EXERCISE INSTRUCTIONS: Go through the entries and copy every line that has the string "auto" in it.

● ● ● ● ● ● ●

theorem mainTheorem19:
  fixes F Fp :: "('x::finite \<Rightarrow> real) set"
    and L :: "real \<Rightarrow> real \<Rightarrow> real"
  assumes "Fp \<subseteq> {f. \<forall>x. f x \<in> {-1..1}}"
    and "F \<subseteq> Fp"
    and "\<forall>y\<in>{-1..1}. \<forall>y'\<in>{-1..1}. L y y' \<in> {0..1}"
    and "\<forall>y\<in>{-1..1}. \<forall>a\<in>{-1..1}. \<forall>b\<in>{-1..1}. \<bar>L y a - L y b\<bar> \<le> \<bar>a - b\<bar>"
    and "(\<lambda>z. L (fst z) (snd z)) \<in> borel_measurable (restrict_space borel ({-1..1} \<times> {-1..1}))"
    and "min_attained L F"
  shows "(\<forall>\<Delta>>0. Nfrac_models L F Fp models_agnostic \<Delta> \<le> Nfrac_class F Fp \<Delta>)
    \<and> (min_attained (\<lambda>y y'. \<bar>y - y'\<bar>) F \<longrightarrow>
        (\<forall>\<Delta>>0. Nfrac_models (\<lambda>y y'. \<bar>y - y'\<bar>) F Fp models_agnostic \<Delta>
                 = Nfrac_models (\<lambda>y y'. \<bar>y - y'\<bar>) F Fp (models_realizable F) \<Delta>
              \<and> Nfrac_models (\<lambda>y y'. \<bar>y - y'\<bar>) F Fp (models_realizable F) \<Delta>
                 = Nfrac_class F Fp \<Delta>))"
proof (intro conjI allI impI)
  fix \<Delta> :: real
  have "\<forall>y\<in>{-1..1}. \<forall>y'\<in>{-1..1}. \<bar>L y y'\<bar> \<le> 1"
    using assms(3) by auto
  then show "Nfrac_models L F Fp models_agnostic \<Delta> \<le> Nfrac_class F Fp \<Delta>"
    using Nfrac_models_agnostic_le_Nfrac_class assms(1,2,4-6) by blast
next
  fix \<Delta> :: real assume ma: "min_attained (\<lambda>y y'. \<bar>y - y'\<bar>) F"
  have abs_measurable: "(\<lambda>z. \<bar>fst z - snd z\<bar>) \<in> borel_measurable (restrict_space borel ({-1..1::real} \<times> {-1..1}))"
    by (intro measurable_restrict_space1 borel_measurable_continuous_onI continuous_intros)
  have "Nfrac_models (\<lambda>y y'. \<bar>y - y'\<bar>) F Fp models_agnostic \<Delta> \<le> Nfrac_class F Fp \<Delta>"
    by (rule Nfrac_models_agnostic_le_Nfrac_class[where B = 2, OF assms(1,2) abs_measurable _ _ ma])
      auto
  moreover have "Nfrac_class F Fp \<Delta> \<le> Nfrac_models (\<lambda>y y'. \<bar>y - y'\<bar>) F Fp (models_realizable F) \<Delta>"
    by (rule Nfrac_class_le_Nfrac_models_realizable[OF assms(1,2)])
  moreover have "Nfrac_models (\<lambda>y y'. \<bar>y - y'\<bar>) F Fp (models_realizable F) \<Delta>
                   \<le> Nfrac_models (\<lambda>y y'. \<bar>y - y'\<bar>) F Fp models_agnostic \<Delta>"
    by (rule Nfrac_models_mono) (auto simp: models_realizable_def)
  ultimately show "Nfrac_models (\<lambda>y y'. \<bar>y - y'\<bar>) F Fp models_agnostic \<Delta>
                     = Nfrac_models (\<lambda>y y'. \<bar>y - y'\<bar>) F Fp (models_realizable F) \<Delta>"
    and "Nfrac_models (\<lambda>y y'. \<bar>y - y'\<bar>) F Fp (models_realizable F) \<Delta> = Nfrac_class F Fp \<Delta>"
    by (meson antisym order_trans)+
qed

end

● ● ● ● ● ● ●

EXERCISE OUTPUT:
    using assms(3) by auto
      auto
    by (rule Nfrac_models_mono) (auto simp: models_realizable_def)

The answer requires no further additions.